(MATERIAL FOR THIS TASK)
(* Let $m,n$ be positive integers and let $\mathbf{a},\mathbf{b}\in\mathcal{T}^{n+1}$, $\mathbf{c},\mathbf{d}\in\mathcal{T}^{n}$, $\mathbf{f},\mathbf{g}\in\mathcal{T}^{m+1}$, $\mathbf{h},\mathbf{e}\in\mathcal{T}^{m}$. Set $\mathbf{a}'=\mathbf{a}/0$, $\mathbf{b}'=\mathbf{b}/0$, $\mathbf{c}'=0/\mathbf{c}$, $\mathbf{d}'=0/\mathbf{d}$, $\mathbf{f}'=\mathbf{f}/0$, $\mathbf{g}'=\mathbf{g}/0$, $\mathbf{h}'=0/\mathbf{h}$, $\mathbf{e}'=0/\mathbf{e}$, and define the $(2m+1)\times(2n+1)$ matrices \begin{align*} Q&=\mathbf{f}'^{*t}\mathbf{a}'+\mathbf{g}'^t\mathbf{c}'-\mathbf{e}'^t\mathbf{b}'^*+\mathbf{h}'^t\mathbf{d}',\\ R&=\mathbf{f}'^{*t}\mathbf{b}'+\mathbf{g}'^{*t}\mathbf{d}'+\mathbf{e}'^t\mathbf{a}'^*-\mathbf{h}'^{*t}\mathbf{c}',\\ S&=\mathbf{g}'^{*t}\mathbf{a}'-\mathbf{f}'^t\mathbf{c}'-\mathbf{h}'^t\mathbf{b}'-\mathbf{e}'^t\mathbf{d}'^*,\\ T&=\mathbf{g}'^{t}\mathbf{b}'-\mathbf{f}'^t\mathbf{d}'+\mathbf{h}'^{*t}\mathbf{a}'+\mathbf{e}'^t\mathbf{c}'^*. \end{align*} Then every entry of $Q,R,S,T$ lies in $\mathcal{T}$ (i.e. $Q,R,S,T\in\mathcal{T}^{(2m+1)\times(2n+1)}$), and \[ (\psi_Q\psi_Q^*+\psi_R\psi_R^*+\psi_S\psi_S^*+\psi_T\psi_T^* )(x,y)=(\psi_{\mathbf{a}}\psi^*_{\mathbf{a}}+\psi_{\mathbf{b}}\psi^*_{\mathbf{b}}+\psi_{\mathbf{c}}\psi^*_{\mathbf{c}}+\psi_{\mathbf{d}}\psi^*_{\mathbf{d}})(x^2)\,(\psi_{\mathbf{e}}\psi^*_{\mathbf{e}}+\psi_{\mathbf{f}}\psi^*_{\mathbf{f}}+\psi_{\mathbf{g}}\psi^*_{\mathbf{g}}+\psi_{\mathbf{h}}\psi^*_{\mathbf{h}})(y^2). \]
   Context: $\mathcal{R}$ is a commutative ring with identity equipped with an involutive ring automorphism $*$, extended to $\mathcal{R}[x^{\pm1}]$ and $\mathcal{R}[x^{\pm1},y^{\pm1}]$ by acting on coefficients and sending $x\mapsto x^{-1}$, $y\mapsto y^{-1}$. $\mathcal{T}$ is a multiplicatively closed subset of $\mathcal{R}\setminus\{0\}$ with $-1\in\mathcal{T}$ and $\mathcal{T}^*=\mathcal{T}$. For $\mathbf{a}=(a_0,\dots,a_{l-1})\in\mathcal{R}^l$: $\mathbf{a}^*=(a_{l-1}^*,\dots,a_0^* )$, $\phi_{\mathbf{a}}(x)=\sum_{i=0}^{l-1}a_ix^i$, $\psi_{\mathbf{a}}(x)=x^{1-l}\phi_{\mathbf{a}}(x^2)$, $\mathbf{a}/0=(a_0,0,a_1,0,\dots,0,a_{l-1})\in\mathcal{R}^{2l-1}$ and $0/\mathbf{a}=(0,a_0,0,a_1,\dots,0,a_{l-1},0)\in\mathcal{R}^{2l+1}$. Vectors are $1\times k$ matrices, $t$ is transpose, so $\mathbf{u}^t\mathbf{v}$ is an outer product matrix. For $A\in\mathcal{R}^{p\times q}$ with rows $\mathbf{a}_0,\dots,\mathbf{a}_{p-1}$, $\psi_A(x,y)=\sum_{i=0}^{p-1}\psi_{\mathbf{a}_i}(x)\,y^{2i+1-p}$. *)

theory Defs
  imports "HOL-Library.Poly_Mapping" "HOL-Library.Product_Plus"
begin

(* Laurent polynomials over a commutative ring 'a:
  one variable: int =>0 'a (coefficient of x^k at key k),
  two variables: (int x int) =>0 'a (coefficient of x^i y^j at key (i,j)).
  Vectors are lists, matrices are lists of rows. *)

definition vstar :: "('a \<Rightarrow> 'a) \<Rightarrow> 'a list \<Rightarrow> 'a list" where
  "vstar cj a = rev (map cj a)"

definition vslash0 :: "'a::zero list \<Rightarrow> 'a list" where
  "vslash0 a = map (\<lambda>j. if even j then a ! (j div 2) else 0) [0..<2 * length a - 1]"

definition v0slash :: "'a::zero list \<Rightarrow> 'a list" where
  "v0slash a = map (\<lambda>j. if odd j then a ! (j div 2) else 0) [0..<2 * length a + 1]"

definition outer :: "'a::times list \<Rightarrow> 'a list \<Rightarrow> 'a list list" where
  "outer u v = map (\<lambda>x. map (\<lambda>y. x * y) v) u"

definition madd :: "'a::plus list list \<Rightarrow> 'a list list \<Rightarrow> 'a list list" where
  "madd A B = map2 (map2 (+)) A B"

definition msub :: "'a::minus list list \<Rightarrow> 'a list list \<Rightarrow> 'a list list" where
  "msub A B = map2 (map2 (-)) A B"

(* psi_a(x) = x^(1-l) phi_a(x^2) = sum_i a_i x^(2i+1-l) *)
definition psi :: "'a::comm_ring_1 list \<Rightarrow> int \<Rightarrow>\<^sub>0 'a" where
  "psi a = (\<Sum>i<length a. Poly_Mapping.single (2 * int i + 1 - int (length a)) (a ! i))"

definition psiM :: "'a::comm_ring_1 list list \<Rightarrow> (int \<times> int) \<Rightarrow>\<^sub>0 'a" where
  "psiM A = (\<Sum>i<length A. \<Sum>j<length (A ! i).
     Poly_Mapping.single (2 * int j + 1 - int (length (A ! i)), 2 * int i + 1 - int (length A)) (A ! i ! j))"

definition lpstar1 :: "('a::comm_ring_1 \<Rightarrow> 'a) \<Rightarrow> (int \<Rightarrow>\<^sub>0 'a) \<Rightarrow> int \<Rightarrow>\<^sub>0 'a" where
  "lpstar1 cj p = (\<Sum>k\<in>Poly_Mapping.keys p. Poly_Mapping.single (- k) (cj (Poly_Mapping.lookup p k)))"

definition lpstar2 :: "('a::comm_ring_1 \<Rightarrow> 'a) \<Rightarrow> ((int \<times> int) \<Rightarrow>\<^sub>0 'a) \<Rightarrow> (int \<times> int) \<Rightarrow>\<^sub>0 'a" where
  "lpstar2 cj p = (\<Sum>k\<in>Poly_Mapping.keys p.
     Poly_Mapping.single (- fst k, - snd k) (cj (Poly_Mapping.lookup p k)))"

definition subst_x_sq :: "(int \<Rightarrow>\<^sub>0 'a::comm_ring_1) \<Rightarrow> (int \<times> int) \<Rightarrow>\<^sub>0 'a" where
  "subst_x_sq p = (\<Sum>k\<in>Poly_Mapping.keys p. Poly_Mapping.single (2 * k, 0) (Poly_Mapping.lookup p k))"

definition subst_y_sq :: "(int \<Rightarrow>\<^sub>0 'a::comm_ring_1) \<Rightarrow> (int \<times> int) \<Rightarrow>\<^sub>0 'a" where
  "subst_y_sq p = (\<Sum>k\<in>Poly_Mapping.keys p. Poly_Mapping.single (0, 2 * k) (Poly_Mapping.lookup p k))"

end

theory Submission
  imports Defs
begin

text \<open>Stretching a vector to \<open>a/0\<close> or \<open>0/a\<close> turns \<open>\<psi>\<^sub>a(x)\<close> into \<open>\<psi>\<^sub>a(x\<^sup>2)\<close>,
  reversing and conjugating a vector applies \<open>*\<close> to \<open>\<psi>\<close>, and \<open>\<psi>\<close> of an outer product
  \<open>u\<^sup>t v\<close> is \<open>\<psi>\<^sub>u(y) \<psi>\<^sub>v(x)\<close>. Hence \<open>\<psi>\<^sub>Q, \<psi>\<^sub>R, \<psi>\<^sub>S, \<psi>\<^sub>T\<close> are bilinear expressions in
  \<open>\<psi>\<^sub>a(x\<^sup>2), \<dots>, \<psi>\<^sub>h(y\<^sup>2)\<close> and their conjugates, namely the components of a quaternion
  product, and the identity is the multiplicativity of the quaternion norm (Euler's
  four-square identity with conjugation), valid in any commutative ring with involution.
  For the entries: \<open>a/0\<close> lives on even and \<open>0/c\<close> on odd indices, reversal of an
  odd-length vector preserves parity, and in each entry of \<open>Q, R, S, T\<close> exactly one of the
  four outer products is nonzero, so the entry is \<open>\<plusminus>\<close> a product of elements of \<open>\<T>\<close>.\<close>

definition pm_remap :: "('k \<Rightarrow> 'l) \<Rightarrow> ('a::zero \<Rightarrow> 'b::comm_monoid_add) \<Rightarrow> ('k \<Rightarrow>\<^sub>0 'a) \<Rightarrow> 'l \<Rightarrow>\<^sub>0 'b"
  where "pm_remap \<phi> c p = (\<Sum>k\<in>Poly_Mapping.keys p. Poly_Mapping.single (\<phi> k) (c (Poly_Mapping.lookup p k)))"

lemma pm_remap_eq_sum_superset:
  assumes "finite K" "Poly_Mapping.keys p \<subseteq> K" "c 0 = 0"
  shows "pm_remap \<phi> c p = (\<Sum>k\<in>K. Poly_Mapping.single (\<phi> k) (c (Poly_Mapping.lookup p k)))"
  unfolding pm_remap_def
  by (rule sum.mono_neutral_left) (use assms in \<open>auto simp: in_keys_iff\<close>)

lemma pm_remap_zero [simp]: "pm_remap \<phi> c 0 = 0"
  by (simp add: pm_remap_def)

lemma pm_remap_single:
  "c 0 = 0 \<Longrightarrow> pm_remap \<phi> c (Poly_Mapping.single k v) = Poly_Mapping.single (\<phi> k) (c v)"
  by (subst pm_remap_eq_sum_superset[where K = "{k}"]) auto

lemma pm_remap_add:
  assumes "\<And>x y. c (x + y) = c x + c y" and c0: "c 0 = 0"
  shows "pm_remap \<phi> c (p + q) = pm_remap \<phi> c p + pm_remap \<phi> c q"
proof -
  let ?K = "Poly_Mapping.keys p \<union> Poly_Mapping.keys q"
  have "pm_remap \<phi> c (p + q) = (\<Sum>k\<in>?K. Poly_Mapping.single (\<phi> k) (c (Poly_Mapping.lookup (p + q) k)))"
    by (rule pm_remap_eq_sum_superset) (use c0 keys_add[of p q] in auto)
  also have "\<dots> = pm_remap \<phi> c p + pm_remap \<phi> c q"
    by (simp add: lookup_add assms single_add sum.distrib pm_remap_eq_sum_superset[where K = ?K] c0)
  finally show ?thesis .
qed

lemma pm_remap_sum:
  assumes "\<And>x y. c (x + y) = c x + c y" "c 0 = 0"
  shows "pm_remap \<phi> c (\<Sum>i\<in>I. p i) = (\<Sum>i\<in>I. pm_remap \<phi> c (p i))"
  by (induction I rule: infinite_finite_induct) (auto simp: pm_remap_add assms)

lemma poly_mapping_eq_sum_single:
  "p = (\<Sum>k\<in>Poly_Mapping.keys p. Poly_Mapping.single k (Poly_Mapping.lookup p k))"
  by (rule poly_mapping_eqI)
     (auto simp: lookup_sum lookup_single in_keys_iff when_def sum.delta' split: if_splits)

(TASK DIRECTIONS) Retype, in the same exact form, the lines of the material above from the line holding "0 \<Longrightarrow> pm_remap" through the line holding "p \<union> Poly_Mapping.keys".

(RESULT OF THE TASK)
  "c 0 = 0 \<Longrightarrow> pm_remap \<phi> c (Poly_Mapping.single k v) = Poly_Mapping.single (\<phi> k) (c v)"
  by (subst pm_remap_eq_sum_superset[where K = "{k}"]) auto

lemma pm_remap_add:
  assumes "\<And>x y. c (x + y) = c x + c y" and c0: "c 0 = 0"
  shows "pm_remap \<phi> c (p + q) = pm_remap \<phi> c p + pm_remap \<phi> c q"
proof -
  let ?K = "Poly_Mapping.keys p \<union> Poly_Mapping.keys q"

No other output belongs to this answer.